The Army's 104th Infantry Brigade gave Norwegian Ambassador Bjorn Staurset Jahnsen military honors as he arrived in Basilan Wednesday. The STAR/John Unson
The Norwegian ambassador was in Basilan Wednesday for a peace dialogue with provincial officials working to maintain the province's reputation as the new investment frontier in the Bangsamoro region.
Ambassador Bjorn Staurset Jahnsen was accompanied to Isabela City in Basilan by embassy officials.
"For us, it was again a tacit proof that there is peace now in the province, pestered for decades by the Abu Sayyaf terror group whose presence faded dramatically with the surrender of more than 200 local members in very recent years," Basilan Gov.

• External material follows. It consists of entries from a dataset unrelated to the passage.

lemma AT_has_signed_3_walks:
  assumes "has_3_walks_of_both_signs W F Lam"
  shows "has_signed_3_walks (AT_vertices W) (AT_edges F) (AT_neg F Lam)"
  unfolding has_signed_3_walks_def
proof (intro ballI allI)
  fix p q and s1 s2 s3 :: bool
  assume "p \<in> AT_vertices W" "q \<in> AT_vertices W"
  then obtain a i b j where p: "p = (a, i)" "a \<in> W" and q: "q = (b, j)" "b \<in> W"
    unfolding AT_vertices_def by auto
  \<comment> \<open>The layers of x and y realise s1 and s2 (a layer change flips both edges at a vertex);
    the walk in H is chosen so that the last edge then gets sign s3.\<close>
  obtain x y where xy: "x \<in> W" "y \<in> W" "{a, x} \<in> F" "{x, y} \<in> F" "{y, b} \<in> F"
    and sign: "((({a, x} \<in> Lam) \<noteq> ({x, y} \<in> Lam)) \<noteq> ({y, b} \<in> Lam)) =
                 ((i \<noteq> j) \<noteq> ((s1 \<noteq> s2) \<noteq> s3))"
    using assms[unfolded has_3_walks_of_both_signs_def, rule_format, OF \<open>a \<in> W\<close> \<open>b \<in> W\<close>,
        of "(i \<noteq> j) \<noteq> ((s1 \<noteq> s2) \<noteq> s3)"]
    by (elim bexE conjE) (rule that)
  define i1 where "i1 = (i \<noteq> (({a, x} \<in> Lam) \<noteq> s1))"
  define i2 where "i2 = (i1 \<noteq> (({x, y} \<in> Lam) \<noteq> s2))"
  have "signed_edge (AT_edges F) (AT_neg F Lam) p (x, i1) s1 \<and>
        signed_edge (AT_edges F) (AT_neg F Lam) (x, i1) (y, i2) s2 \<and>
        signed_edge (AT_edges F) (AT_neg F Lam) (y, i2) q s3"
    unfolding p q AT_signed_edge_iff i1_def i2_def using xy(3-5) sign by argo
  moreover have "(x, i1) \<in> AT_vertices W" "(y, i2) \<in> AT_vertices W"
    using xy unfolding AT_vertices_def by auto
  ultimately show "\<exists>x'\<in>AT_vertices W. \<exists>y'\<in>AT_vertices W.
      signed_edge (AT_edges F) (AT_neg F Lam) p x' s1 \<and>
      signed_edge (AT_edges F) (AT_neg F Lam) x' y' s2 \<and>
      signed_edge (AT_edges F) (AT_neg F Lam) y' q s3"
    by blast
qed

lemma K4_edges_iff: "{u, v} \<in> K4_edges \<longleftrightarrow> u \<in> K4_vertices \<and> v \<in> K4_vertices \<and> u \<noteq> v"
  unfolding K4_edges_def by (auto simp: doubleton_eq_iff)

lemma K4_star_has_3_walks_of_both_signs: "has_3_walks_of_both_signs K4_vertices K4_edges K4_neg"
  unfolding has_3_walks_of_both_signs_def K4_edges_iff all_bool_eq K4_vertices_def K4_neg_def
  by (intro ballI conjI; elim insertE emptyE; simp add: doubleton_eq_iff)

theorem mainTheorem11:
  fixes V :: "'a set" and E Sig :: "'a set set"
  assumes "signified_graph V E Sig"
    and "outerplanar V E"
    and "girth_at_least V E 4"
  shows "\<exists>f. signified_hom V E Sig
                (AT_vertices K4_vertices) (AT_edges K4_edges) (AT_neg K4_edges K4_neg) f"
proof -
  have G: "simple_graph V E" using assms(1) unfolding signified_graph_def by blast
  show ?thesis
  proof (rule outerplanar_triangle_free_signified_hom[OF G assms(2)])
    show "triangle_free E" using girth_at_least_4_triangle_free[OF G assms(3)] .
    show "AT_vertices K4_vertices \<noteq> {}" unfolding AT_vertices_def K4_vertices_def by simp
    show "has_signed_3_walks (AT_vertices K4_vertices) (AT_edges K4_edges) (AT_neg K4_edges K4_neg)"
      using AT_has_signed_3_walks[OF K4_star_has_3_walks_of_both_signs] .
  qed
qed

end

Jim Salliman said Thursday.
Wednesday's dialogue, dubbed “Sustaining Peace, Preparing Basilan’s Future,” was a joint initiative of the Norwegian government, the International Organization on Migration and the governor's office.
It was the Norwegian embassy’s first ever engagement in the island province.

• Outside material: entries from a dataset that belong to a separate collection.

(* Let $\mathcal{X}$ be a convex subset of a normed space with norm $\|\cdot\|$ and dual norm $\|\cdot\|_*$, and $F:\mathcal{X}\times\mathcal{X}\to\mathbb{R}$ differentiable in its second argument such that for all $x,y,z\in\mathcal{X}$: $F(z,x)\ge F(z,y)+\langle\nabla_2F(z,y),x-y\rangle+\frac{\alpha}{2}\|x-y\|^2$; $|F(z,x)-F(z,y)|\le G_2\|x-y\|$; and $\|\nabla_2F(x,z)-\nabla_2F(y,z)\|_*\le\beta\|x-y\|$, where $\alpha>0$. Let $x_1\in\mathcal{X}$ and $x_{n+1}=\arg\min_{x\in\mathcal{X}}\sum_{k=1}^nF(x_k,x)$ for $n\ge1$. Let $\theta=\beta/\alpha$ and, for $n\ge2$, $S_n=\frac{1}{n-1}\sum_{k=1}^{n-1}\|x_n-x_k\|$. Then for all $n\ge2$, $\|x_{n+1}-x_n\|\le\frac{\theta S_n}{n}$.
   Context: The iteration is the value aggregation algorithm AggreVaTe (Follow-the-Leader on the per-round costs $x\mapsto F(x_k,x)$); minimizers are assumed to exist. *)

theory Defs
  imports "HOL-Analysis.Analysis"
begin

end

theory Submission
  imports Defs
begin

text \<open>Write \<open>a = x n\<close>, \<open>b = x (n + 1)\<close> and \<open>c k = \<nabla>\<^sub>2F(x k, a)(a - b)\<close>. First-order optimality
of \<open>a\<close> for the first \<open>n - 1\<close> losses gives \<open>\<Sum>\<^sub>k\<^sub><\<^sub>n c k \<le> 0\<close>; optimality of \<open>b\<close> for the first \<open>n\<close>
losses, together with the monotonicity of strongly convex gradients, gives
\<open>n \<alpha> \<parallel>a - b\<parallel>\<^sup>2 \<le> \<Sum>\<^sub>k\<^sub>\<le>\<^sub>n c k\<close>. Hence the whole bound rests on the last term \<open>c n\<close>, and by the
\<open>\<beta>\<close>-smoothness in the first argument \<open>c n - c k \<le> \<beta> \<parallel>x n - x k\<parallel> \<parallel>a - b\<parallel>\<close>; averaging over
\<open>k < n\<close> yields the claim.\<close>

lemma convex_minimizer_directional_derivative_nonneg:
  fixes f :: "'a::real_normed_vector \<Rightarrow> real"
  assumes "convex X" and "(f has_derivative f') (at y within X)"
    and "y \<in> X" and "z \<in> X" and min: "\<And>w. w \<in> X \<Longrightarrow> f y \<le> f w"
  shows "f' (z - y) \<ge> 0"
proof (rule ccontr)
  assume neg: "\<not> f' (z - y) \<ge> 0"
  define \<gamma> where "\<gamma> t = y + t *\<^sub>R (z - y)" for t :: real
  have \<gamma>_X: "\<gamma> ` {0..1} \<subseteq> X"
    using assms(1,3,4) by (auto simp: \<gamma>_def convex_alt algebra_simps)
  have "(\<gamma> has_derivative (\<lambda>t. t *\<^sub>R (z - y))) (at 0 within {0..1})"
    unfolding \<gamma>_def by (auto intro!: derivative_eq_intros)
  moreover have "(f has_derivative f') (at (\<gamma> 0) within \<gamma> ` {0..1})"
    using assms(2) \<gamma>_X by (auto simp: \<gamma>_def intro: has_derivative_subset)
  ultimately have "((\<lambda>t. f (\<gamma> t)) has_derivative (\<lambda>t. f' (t *\<^sub>R (z - y)))) (at 0 within {0..1})"
    by (rule has_derivative_in_compose)
  moreover have "(\<lambda>t. f' (t *\<^sub>R (z - y))) = (*) (f' (z - y))"
    using linear_scale[OF has_derivative_linear[OF assms(2)]] by (simp add: fun_eq_iff mult.commute)
  ultimately have "((\<lambda>t. f (\<gamma> t)) has_real_derivative f' (z - y)) (at 0 within {0..1})"
    by (simp add: has_field_derivative_def)
  then obtain d where "d > 0" and dec: "\<And>h. h > 0 \<Longrightarrow> 0 + h \<in> {0..1} \<Longrightarrow> h < d \<Longrightarrow> f (\<gamma> 0) > f (\<gamma> (0 + h))"
    using has_real_derivative_neg_dec_right neg by (metis not_le)
  then have "f (\<gamma> (min 1 (d/2))) < f y"
    by (simp add: \<gamma>_def)
  moreover have "\<gamma> (min 1 (d/2)) \<in> X" using \<gamma>_X \<open>d > 0\<close> by auto
  ultimately show False using min by (meson not_le)
qed

lemma ftl_step_inequality:
  fixes m :: nat and \<alpha> r S c B :: real
  assumes "m > 0" "\<alpha> > 0" "r \<ge> 0" "B \<ge> 0"
    and at_b: "(m + 1) * \<alpha> * r\<^sup>2 \<le> S + c"
    and at_a: "S \<le> 0"
    and drift: "m * c - S \<le> B * r"
  shows "r \<le> B / (\<alpha> * m * (m + 1))"
proof -
  have "\<alpha> * m * (m + 1) * r * r \<le> m * (S + c)"
    using mult_left_mono[OF at_b, of m] by (simp add: power2_eq_square mult_ac)
  also have "\<dots> = (m + 1) * S + (m * c - S)" by (simp add: algebra_simps)
  also have "\<dots> \<le> B * r" using at_a drift by (smt (verit) mult_nonneg_nonpos of_nat_0_le_iff)
  finally have *: "(\<alpha> * m * (m + 1) * r) * r \<le> B * r" .
  have pos: "\<alpha> * m * (m + 1) > 0" using assms(1,2) by simp
  show ?thesis
  proof (cases "r = 0")
    case True then show ?thesis using pos \<open>B \<ge> 0\<close> by simp
  next
    case False
    then have "\<alpha> * m * (m + 1) * r \<le> B" using * \<open>r \<ge> 0\<close> by (simp add: mult_le_cancel_right)
    then show ?thesis using pos by (simp add: pos_le_divide_eq mult.commute)
  qed
qed

locale follow_the_leader =
  fixes X :: "'a::real_normed_vector set"
    and F :: "'a \<Rightarrow> 'a \<Rightarrow> real"
    and D :: "'a \<Rightarrow> 'a \<Rightarrow> ('a \<Rightarrow>\<^sub>L real)"
    and x :: "nat \<Rightarrow> 'a"
    and \<alpha> \<beta> :: real
  assumes convex: "convex X"
    and deriv: "\<And>z y. z \<in> X \<Longrightarrow> y \<in> X \<Longrightarrow>
                  (F z has_derivative blinfun_apply (D z y)) (at y within X)"
    and strongly_convex: "\<And>x y z. x \<in> X \<Longrightarrow> y \<in> X \<Longrightarrow> z \<in> X \<Longrightarrow>
                  F z x \<ge> F z y + D z y (x - y) + \<alpha> / 2 * (norm (x - y))\<^sup>2"
    and smooth: "\<And>x y z. x \<in> X \<Longrightarrow> y \<in> X \<Longrightarrow> z \<in> X \<Longrightarrow>
                  norm (D x z - D y z) \<le> \<beta> * norm (x - y)"
    and alpha_pos: "\<alpha> > 0"
    and first_in: "x 1 \<in> X"
    and next_in: "\<And>n. n \<ge> 1 \<Longrightarrow> x (Suc n) \<in> X"
    and next_min: "\<And>n y. n \<ge> 1 \<Longrightarrow> y \<in> X \<Longrightarrow>
                  (\<Sum>k=1..n. F (x k) (x (Suc n))) \<le> (\<Sum>k=1..n. F (x k) y)"
begin

lemma iterate_in: "k \<ge> 1 \<Longrightarrow> x k \<in> X"
  using first_in next_in by (cases k; cases "k - 1") auto

lemma iterate_first_order:
  assumes "m \<ge> 1" and "z \<in> X"
  shows "(\<Sum>k=1..m. D (x k) (x (Suc m)) (z - x (Suc m))) \<ge> 0"
proof -
  have "((\<lambda>w. \<Sum>k=1..m. F (x k) w) has_derivative (\<lambda>h. \<Sum>k=1..m. D (x k) (x (Suc m)) h))
          (at (x (Suc m)) within X)"
    using deriv iterate_in next_in assms(1) by (intro has_derivative_sum) auto
  from convex_minimizer_directional_derivative_nonneg[OF convex this next_in] assms next_min
  show ?thesis by blast
qed

lemma gradient_monotone:
  assumes "a \<in> X" "b \<in> X" "z \<in> X"
  shows "D z a (a - b) - D z b (a - b) \<ge> \<alpha> * (norm (a - b))\<^sup>2"
proof -
  have "D z a (b - a) = - D z a (a - b)"
    by (metis blinfun.minus_right minus_diff_eq)
  with strongly_convex[of b a z] strongly_convex[of a b z] assms show ?thesis
    by (simp add: norm_minus_commute)
qed

lemma gradient_drift:
  assumes "u \<in> X" "v \<in> X" "a \<in> X"
  shows "D u a h - D v a h \<le> \<beta> * norm (u - v) * norm h"
proof -
  have "D u a h - D v a h = (D u a - D v a) h" by (simp add: blinfun.diff_left)
  also have "\<dots> \<le> norm (D u a - D v a) * norm h"
    by (metis abs_ge_self norm_blinfun order_trans real_norm_def)
  also have "\<dots> \<le> \<beta> * norm (u - v) * norm h"
    using smooth[OF assms] by (simp add: mult_right_mono)
  finally show ?thesis .
qed

lemma smoothness_nonneg: "u \<in> X \<Longrightarrow> v \<in> X \<Longrightarrow> \<beta> * norm (u - v) \<ge> 0"
  using smooth[of u v u] norm_ge_zero order_trans by blast

lemma step_bound:
  assumes "m \<ge> 1"
  defines "a \<equiv> x (Suc m)" and "b \<equiv> x (Suc (Suc m))"
  shows "norm (a - b) \<le> \<beta> * (\<Sum>k=1..m. norm (a - x k)) / (\<alpha> * m * (m + 1))"
proof -
  define c where "c k = D (x k) a (a - b)" for k
  have a_in: "a \<in> X" and b_in: "b \<in> X"
    using assms iterate_in next_in by auto
  have at_a: "(\<Sum>k=1..m. c k) \<le> 0"
  proof -
    have "D (x k) a (b - a) = - c k" for k
      unfolding c_def by (metis blinfun.minus_right minus_diff_eq)
    then show ?thesis
      using iterate_first_order[OF assms(1) b_in] by (simp add: a_def sum_negf)
  qed
  have at_b: "(m + 1) * \<alpha> * (norm (a - b))\<^sup>2 \<le> (\<Sum>k=1..m. c k) + c (Suc m)"
  proof -
    have "D (x k) b (a - b) + \<alpha> * (norm (a - b))\<^sup>2 - c k \<le> 0" if "k \<ge> 1" for k
      using gradient_monotone[OF a_in b_in iterate_in[OF that]] unfolding c_def by simp
    then have "(\<Sum>k=1..Suc m. D (x k) b (a - b) + \<alpha> * (norm (a - b))\<^sup>2 - c k) \<le> 0"
      by (intro sum_nonpos) auto
    moreover have "(\<Sum>k=1..Suc m. D (x k) b (a - b)) \<ge> 0"
      using iterate_first_order[of "Suc m" a] a_in by (simp add: b_def)
    ultimately have "(Suc m) * (\<alpha> * (norm (a - b))\<^sup>2) \<le> (\<Sum>k=1..Suc m. c k)"
      by (simp only: sum.distrib sum_subtractf sum_constant card_atLeastAtMost) simp
    then show ?thesis by (simp add: mult.assoc)
  qed
  have drift: "m * c (Suc m) - (\<Sum>k=1..m. c k) \<le> \<beta> * (\<Sum>k=1..m. norm (a - x k)) * norm (a - b)"
  proof -
    have "m * c (Suc m) - (\<Sum>k=1..m. c k) = (\<Sum>k=1..m. c (Suc m) - c k)"
      by (simp add: sum_subtractf)
    also have "\<dots> \<le> (\<Sum>k=1..m. \<beta> * norm (a - x k) * norm (a - b))"
      unfolding c_def a_def using gradient_drift a_in iterate_in a_def
      by (intro sum_mono) auto
    finally show ?thesis by (simp add: sum_distrib_left sum_distrib_right mult.assoc)
  qed
  have "\<beta> * (\<Sum>k=1..m. norm (a - x k)) \<ge> 0"
    unfolding sum_distrib_left using smoothness_nonneg a_in iterate_in by (intro sum_nonneg) auto
  with ftl_step_inequality[OF _ alpha_pos norm_ge_zero this at_b at_a] drift assms(1)
  show ?thesis by (simp add: mult.assoc)
qed

end

theorem lemma2:
  fixes X :: "'a::real_normed_vector set"
    and F :: "'a \<Rightarrow> 'a \<Rightarrow> real"
    and D :: "'a \<Rightarrow> 'a \<Rightarrow> ('a \<Rightarrow>\<^sub>L real)"
    and x :: "nat \<Rightarrow> 'a"
    and \<alpha> \<beta> G\<^sub>2 :: real
  assumes convX: "convex X"
    and deriv: "\<And>z y. z \<in> X \<Longrightarrow> y \<in> X \<Longrightarrow>
                  (F z has_derivative blinfun_apply (D z y)) (at y within X)"
    and strong: "\<And>x y z. x \<in> X \<Longrightarrow> y \<in> X \<Longrightarrow> z \<in> X \<Longrightarrow>
                  F z x \<ge> F z y + D z y (x - y) + \<alpha> / 2 * (norm (x - y))\<^sup>2"
    and lip: "\<And>x y z. x \<in> X \<Longrightarrow> y \<in> X \<Longrightarrow> z \<in> X \<Longrightarrow>
                  \<bar>F z x - F z y\<bar> \<le> G\<^sub>2 * norm (x - y)"
    and smooth: "\<And>x y z. x \<in> X \<Longrightarrow> y \<in> X \<Longrightarrow> z \<in> X \<Longrightarrow>
                  norm (D x z - D y z) \<le> \<beta> * norm (x - y)"
    and alpha_pos: "\<alpha> > 0"
    and x1: "x 1 \<in> X"
    and xmem: "\<And>n. n \<ge> 1 \<Longrightarrow> x (Suc n) \<in> X"
    and xmin: "\<And>n y. n \<ge> 1 \<Longrightarrow> y \<in> X \<Longrightarrow>
                  (\<Sum>k=1..n. F (x k) (x (Suc n))) \<le> (\<Sum>k=1..n. F (x k) y)"
  shows "\<forall>n\<ge>2. norm (x (Suc n) - x n)
           \<le> (\<beta> / \<alpha>) * ((1 / real (n - 1)) * (\<Sum>k=1..n-1. norm (x n - x k))) / real n"
proof (intro allI impI)
  fix n :: nat
  assume "n \<ge> 2"
  then obtain m where n: "n = Suc m" and "m \<ge> 1" by (cases n) auto
  interpret follow_the_leader X F D x \<alpha> \<beta>
    using assms by unfold_locales auto
  from step_bound[OF \<open>m \<ge> 1\<close>]
  show "norm (x (Suc n) - x n)
          \<le> (\<beta> / \<alpha>) * ((1 / real (n - 1)) * (\<Sum>k=1..n-1. norm (x n - x k))) / real n"
    by (simp add: n norm_minus_commute field_simps)
qed

end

The provincial government and the office of Deputy Speaker Mujiv Hataman, lone congressional representative of the province, had worked out the surrender in the past three years of more than 200 Abu Sayyaf members in Basilan via their local Program Against Violent Extremism, or PAVE.
The PAVE has the support of Muslim and Christian religious leaders in Basilan, the military’s Western Mindanao Command and the Police Regional Office-Bangsamoro Autonomous Region.
Salliman said the involvement of Norwegian government officials in Wednesday’s peace dialogue will boost the confidence of foreign investors on Basilan’s business climate.
Ranking dignitaries from Spain, representing the Agency for International Development Cooperation-Embassy of Spain, most known as the AECID, also toured Basilan last December.
Their purpose was to inspect peace-building projects the AECID is implementing along with Salliman’s office, the Cotabato City-based Institute for Autonomy and Governance and other non-government organizations, among them a group led by Spanish Priest Angel Calvo of the Claretian congregation.
“We are so thankful to these foreign benefactors. Surely these dignitaries would not come over if they don’t feel it is safe for them to come and roam around,” Salliman said.
He said they are trying to connect the provincial government with more foreign benefactors that can help them push their local peace and development efforts forward.